IGF-1 is maintained in the circulation by IGF binding proteins, the most abundant being IGFBP-3.23 A major characteristic of Crohn's disease is protein-losing enteropathy, resulting in proteins being lost into the lumen of the intestine.24 ,25 We aimed therefore to ascertain if the degree of protein-losing enteropathy(PLE) blunted the ability of subcutaneous rhIGF-1 to achieve significant peak concentrations, or if it directly affected IGF binding proteins. PLE was quantified by the concentrations of α1-antitrypsin in stool.26 Using this measure, PLE had no effect on the change in IGF-1 induced by a subcutaneous injection (figure 2A).
IGFBP-3 concentrations are depressed in children with chronic IGF-1 deficiency27 and all children in the study had low IGFBP-3 (figure 2B). We wished to determine, however, whether IGFBP-3 concentrations depended on the degree of PLE, as this would indicate that PLE may affect IGF-1 pharmacokinetics. However, no association was observed.
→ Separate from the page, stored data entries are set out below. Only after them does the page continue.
lemma no_two_larger_after_Cons:
  "no_two_larger_after (x # w) \<longleftrightarrow>
     no_two_larger_after w \<and> (\<forall>j k. j < k \<longrightarrow> k < length w \<longrightarrow> \<not> (x < w!j \<and> x < w!k))"
  (is "?lhs \<longleftrightarrow> ?rhs")
proof
  assume ?lhs
  note H = this[unfolded no_two_larger_after_def, rule_format]
  show ?rhs
    using H[of "Suc _" "Suc _" "Suc _"] H[of 0 "Suc _" "Suc _"]
    by (auto simp: no_two_larger_after_def)
next
  assume ?rhs
  show ?lhs
    unfolding no_two_larger_after_def
  proof (intro allI impI)
    fix i j k assume "i < j" "j < k" "k < length (x # w)"
    moreover obtain j' k' where "j = Suc j'" "k = Suc k'"
      using \<open>i < j\<close> \<open>j < k\<close> by (metis less_imp_Suc_add)
    ultimately show "\<not> ((x # w)!i < (x # w)!j \<and> (x # w)!i < (x # w)!k)"
      using \<open>?rhs\<close> by (cases i) (auto simp: no_two_larger_after_def)
  qed
qed

lemma no_two_larger_after_Cons_distinct:
  assumes "distinct w"
  shows "no_two_larger_after (x # w) \<longleftrightarrow>
           no_two_larger_after w \<and> (\<forall>a\<in>set w. \<forall>b\<in>set w. x < a \<longrightarrow> x < b \<longrightarrow> a = b)"
proof -
  have "(\<forall>j k. j < k \<longrightarrow> k < n \<longrightarrow> \<not> (P j \<and> P k)) \<longleftrightarrow> (\<forall>j<n. \<forall>k<n. P j \<longrightarrow> P k \<longrightarrow> j = k)"
    for n and P :: "nat \<Rightarrow> bool"
    by (blast elim: linorder_neqE_nat intro: less_trans)
  then have "(\<forall>j k. j < k \<longrightarrow> k < length w \<longrightarrow> \<not> (x < w!j \<and> x < w!k)) \<longleftrightarrow>
        (\<forall>j<length w. \<forall>k<length w. x < w!j \<longrightarrow> x < w!k \<longrightarrow> w!j = w!k)"
    using nth_eq_iff_index_eq[OF assms] by simp
  also have "\<dots> \<longleftrightarrow> (\<forall>a\<in>set w. \<forall>b\<in>set w. x < a \<longrightarrow> x < b \<longrightarrow> a = b)"
    by (fastforce simp: in_set_conv_nth)
  finally show ?thesis
    by (simp add: no_two_larger_after_Cons)
qed

lemma no_two_larger_after_map:
  "strict_mono_on (set w) g \<Longrightarrow> no_two_larger_after (map g w) \<longleftrightarrow> no_two_larger_after w"
  by (auto simp: no_two_larger_after_def strict_mono_on_less nth_mem)

section \<open>Decomposition by the first entry\<close>

abbreviation swap_Suc :: "nat \<Rightarrow> nat \<Rightarrow> nat" where
  "swap_Suc m \<equiv> Transposition.transpose m (Suc m)"

lemma strict_mono_on_swap_Suc:
  "m \<notin> A \<or> Suc m \<notin> A \<Longrightarrow> strict_mono_on A (swap_Suc m)"
  by (auto simp: strict_mono_on_def transpose_def)

lemma swap_Suc_image:
  "1 \<le> m \<Longrightarrow> swap_Suc m ` {1..m} = {1..Suc m} - {m}"
  by (auto simp: in_transpose_image_iff transpose_def)

lemma finite_Sn_av: "finite (Sn_av n)"
  unfolding Sn_av_def Sn_def using finite_permutations_of_set by (rule finite_subset[rotated]) auto

lemma Sn_av_0: "Sn_av 0 = {[]}"
  by (auto simp: Sn_av_iff no_two_larger_after_def)

lemma Cons_Suc_in_Sn_av_iff: "Suc m # w \<in> Sn_av (Suc m) \<longleftrightarrow> w \<in> Sn_av m"
proof -
  have "Suc m \<in> {1..Suc m}"
    by simp
  then have "Suc m \<notin> set w \<and> insert (Suc m) (set w) = {1..Suc m} \<longleftrightarrow> set w = {1..Suc m} - {Suc m}"
    by blast
  also have "{1..Suc m} - {Suc m} = {1..m}"
    by auto
  finally have set_iff: "Suc m \<notin> set w \<and> insert (Suc m) (set w) = {1..Suc m} \<longleftrightarrow> set w = {1..m}" .
  show ?thesis
  proof
    assume "Suc m # w \<in> Sn_av (Suc m)"
    then show "w \<in> Sn_av m"
      using set_iff by (simp add: Sn_av_iff no_two_larger_after_Cons)
  next
    assume w: "w \<in> Sn_av m"
    then have "no_two_larger_after (Suc m # w)"
      by (auto simp: Sn_av_iff no_two_larger_after_Cons_distinct)
    then show "Suc m # w \<in> Sn_av (Suc m)"
      using w set_iff by (simp add: Sn_av_iff)
  qed
qed

lemma Sn_av_1: "Sn_av 1 = {[1]}"
proof -
  have "w = [1]" if w: "w \<in> Sn_av 1" for w
  proof -
    have "set w = {1}"
      using w by (simp add: Sn_av_iff)
    then obtain w' where "w = 1 # w'"
      by (cases w) auto
    moreover have "w' \<in> Sn_av 0"
      using w \<open>w = 1 # w'\<close> Cons_Suc_in_Sn_av_iff[of 0 w'] by simp
    ultimately show ?thesis
      by (simp add: Sn_av_0)
  qed
  moreover have "[1] \<in> Sn_av 1"
    using Cons_Suc_in_Sn_av_iff[of 0 "[]"] by (simp add: Sn_av_0)
  ultimately show ?thesis
    by blast
qed

lemma Cons_swap_Suc_in_Sn_av_iff:
  assumes "1 \<le> m"
  shows "m # map (swap_Suc m) w \<in> Sn_av (Suc m) \<longleftrightarrow> w \<in> Sn_av m"
proof -
  let ?\<tau> = "swap_Suc m" and ?w = "map (swap_Suc m) w"
  have "m \<in> {1..Suc m}"
    using assms by simp
  then have "m \<notin> set ?w \<and> insert m (set ?w) = {1..Suc m} \<longleftrightarrow> set ?w = {1..Suc m} - {m}"
    by blast
  also have "\<dots> \<longleftrightarrow> set w = {1..m}"
    unfolding swap_Suc_image[OF assms, symmetric] set_map by (simp add: inj_image_eq_iff)
  finally have set_iff: "m \<notin> set ?w \<and> insert m (set ?w) = {1..Suc m} \<longleftrightarrow> set w = {1..m}" .
  have mono: "strict_mono_on {1..m} ?\<tau>"
    by (rule strict_mono_on_swap_Suc) simp
  show ?thesis
  proof
    assume "m # ?w \<in> Sn_av (Suc m)"
    then have "distinct w" "set w = {1..m}" "no_two_larger_after ?w"
      using set_iff by (auto simp: Sn_av_iff no_two_larger_after_Cons distinct_map)
    then show "w \<in> Sn_av m"
      using mono by (simp add: Sn_av_iff no_two_larger_after_map)
  next
    assume "w \<in> Sn_av m"
    then have w: "distinct ?w" "set w = {1..m}" "no_two_larger_after ?w"
      using mono by (simp_all add: Sn_av_iff no_two_larger_after_map distinct_map)
    moreover have "\<forall>y\<in>set ?w. m < y \<longrightarrow> y = Suc m"
      using w(2) by (auto simp: transpose_def)
    ultimately have "no_two_larger_after (m # ?w)"
      by (simp add: no_two_larger_after_Cons_distinct del: set_map) metis
    then show "m # ?w \<in> Sn_av (Suc m)"
      using w set_iff by (simp add: Sn_av_iff)
  qed
qed

lemma Sn_av_Suc:
  assumes "1 \<le> m"
  shows "Sn_av (Suc m) = Cons (Suc m) ` Sn_av m
           \<union> (\<lambda>w. m # map (swap_Suc m) w) ` Sn_av m"
    (is "_ = ?A \<union> ?B")
proof (intro equalityI subsetI)
  fix w assume w: "w \<in> Sn_av (Suc m)"
  then have dw: "distinct w" "set w = {1..Suc m}" "no_two_larger_after w"
    by (simp_all add: Sn_av_iff)
  then obtain x w' where xw: "w = x # w'"
    by (cases w) auto
  have "x = Suc m \<or> x = m"
  proof (rule ccontr)
    assume x: "\<not> (x = Suc m \<or> x = m)"
    have "x \<in> set w"
      using xw by simp
    then have "x < m"
      using x dw(2) by auto
    moreover have "m \<in> set w'" "Suc m \<in> set w'"
      using x dw(2) assms xw by auto
    moreover have "\<forall>a\<in>set w'. \<forall>b\<in>set w'. x < a \<longrightarrow> x < b \<longrightarrow> a = b"
      using dw(1,3) no_two_larger_after_Cons_distinct[of w' x] xw by simp
    ultimately show False
      by (metis less_SucI n_not_Suc_n)
  qed
  then show "w \<in> ?A \<union> ?B"
  proof
    assume "x = Suc m"
    then show ?thesis
      using w Cons_Suc_in_Sn_av_iff unfolding xw by blast
  next
    let ?\<tau> = "swap_Suc m"
    assume "x = m"
    then have "w = m # map ?\<tau> (map ?\<tau> w')" and "map ?\<tau> w' \<in> Sn_av m"
      using w Cons_swap_Suc_in_Sn_av_iff[OF assms, of "map ?\<tau> w'"] unfolding xw
      by (simp_all add: comp_def)
    then show ?thesis
      by blast
  qed
next
  fix w assume "w \<in> ?A \<union> ?B"
  then show "w \<in> Sn_av (Suc m)"
    using Cons_Suc_in_Sn_av_iff Cons_swap_Suc_in_Sn_av_iff[OF assms] by blast
qed

lemma sum_Sn_av_Suc:
  assumes "1 \<le> m"
  shows "(\<Sum>w\<in>Sn_av (Suc m). f w) =
           (\<Sum>w\<in>Sn_av m. f (Suc m # w))
         + (\<Sum>w\<in>Sn_av m. f (m # map (swap_Suc m) w))"
proof -
  have "inj_on (\<lambda>w. m # map (swap_Suc m) w) (Sn_av m)"
    by (auto simp: inj_on_def dest: map_injective[OF _ inj_transpose])
  then show ?thesis
    unfolding Sn_av_Suc[OF assms]
    by (subst sum.union_disjoint) (auto simp: finite_Sn_av sum.reindex)
qed

lemma card_Sn_av_Suc: "1 \<le> m \<Longrightarrow> card (Sn_av (Suc m)) = 2 * card (Sn_av m)"
  using sum_Sn_av_Suc[of m "\<lambda>_. 1 :: nat"] by simp

section \<open>The four statistics\<close>

lemma lrmin_map: "strict_mono_on (set w) g \<Longrightarrow> lrmin (map g w) = lrmin w"
  unfolding lrmin_def by (rule arg_cong[where f = card]) (auto simp: strict_mono_on_less nth_mem)

lemma rlmax_map: "strict_mono_on (set w) g \<Longrightarrow> rlmax (map g w) = rlmax w"
  unfolding rlmax_def by (rule arg_cong[where f = card]) (auto simp: strict_mono_on_less nth_mem)

lemma rlmin_map: "strict_mono_on (set w) g \<Longrightarrow> rlmin (map g w) = rlmin w"
  unfolding rlmin_def by (rule arg_cong[where f = card]) (auto simp: strict_mono_on_less nth_mem)

lemma card_less_Suc_split:
  "card {i. i < Suc n \<and> P i} = (if P 0 then 1 else 0) + card {i. i < n \<and> P (Suc i)}"
proof -
  have "{i. i < Suc n \<and> P i} = (if P 0 then {0} else {}) \<union> Suc ` {i. i < n \<and> P (Suc i)}"
    by (auto simp: image_iff less_Suc_eq_0_disj)
  moreover have "card (Suc ` {i. i < n \<and> P (Suc i)}) = card {i. i < n \<and> P (Suc i)}"
    by (simp add: card_image)
  ultimately show ?thesis
    by (simp add: card_Un_disjoint)
qed

lemma lrmax_Cons: "lrmax (x # w) = Suc (card {i. i < length w \<and> x < w!i \<and> (\<forall>j<i. w!j < w!i)})"
  unfolding lrmax_def by (simp only: length_Cons card_less_Suc_split) (simp add: All_less_Suc2)

lemma lrmin_Cons: "lrmin (x # w) = Suc (card {i. i < length w \<and> w!i < x \<and> (\<forall>j<i. w!i < w!j)})"
  unfolding lrmin_def by (simp only: length_Cons card_less_Suc_split) (simp add: All_less_Suc2)

lemma all_between_Suc_iff:
  "(\<forall>j. Suc i < j \<and> j < Suc n \<longrightarrow> Q j) \<longleftrightarrow> (\<forall>j. i < j \<and> j < n \<longrightarrow> Q (Suc j))"
  by (metis Suc_less_eq Suc_lessE)

lemma all_positive_less_Suc_iff: "(\<forall>j. 0 < j \<and> j < Suc n \<longrightarrow> Q j) \<longleftrightarrow> (\<forall>j<n. Q (Suc j))"
  by (auto simp: gr0_conv_Suc)

lemma rlmax_Cons: "rlmax (x # w) = (if \<forall>y\<in>set w. y < x then 1 else 0) + rlmax w"
  unfolding rlmax_def length_Cons card_less_Suc_split all_between_Suc_iff all_positive_less_Suc_iff
  by (simp add: all_set_conv_all_nth)

lemma rlmin_Cons: "rlmin (x # w) = (if \<forall>y\<in>set w. x < y then 1 else 0) + rlmin w"
  unfolding rlmin_def length_Cons card_less_Suc_split all_between_Suc_iff all_positive_less_Suc_iff
  by (simp add: all_set_conv_all_nth)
In the second admission, the participants received twice daily doses, to determine if IGF-1 concentrations would be enhanced over a longer period. The initial injection increased the IGF-1 concentrations into the normal range (figure 1A). Increases over a sustained period were successfully achieved (figure 1C) and as expected multiple daily dosing led to lower variability between peak and trough concentrations. Taking the area under the curve divided by time as the average IGF-1 concentration, it became clear that on 120 µg/kg, some children had an average IGF-1 SDS of greater than +2.5, while other children had appropriate concentrations. Increased circulating IGF-1 in acromegaly has been linked with an increased risk of colon cancer.13 ,28 Fortunately, we have a clear understanding of how IGF-1 concentrations relate to colon cancer risk in acromegaly.13 These studies show that the increased cancer risk was seen in individuals whose circulating IGF-1 was +2.5 SDS or greater. Using our data, we developed a model from which the dose–concentration relationship could be derived. We then investigated the covariates on which dosing could be individualised. This allowed us to correct circulating IGF-1 without causing excessively high concentrations: ensuring that our dosing regimens resulted in concentrations that were below +2.5 SDS, we developed a utility model to predict the IGF-1 SDS achieved on regular dosing.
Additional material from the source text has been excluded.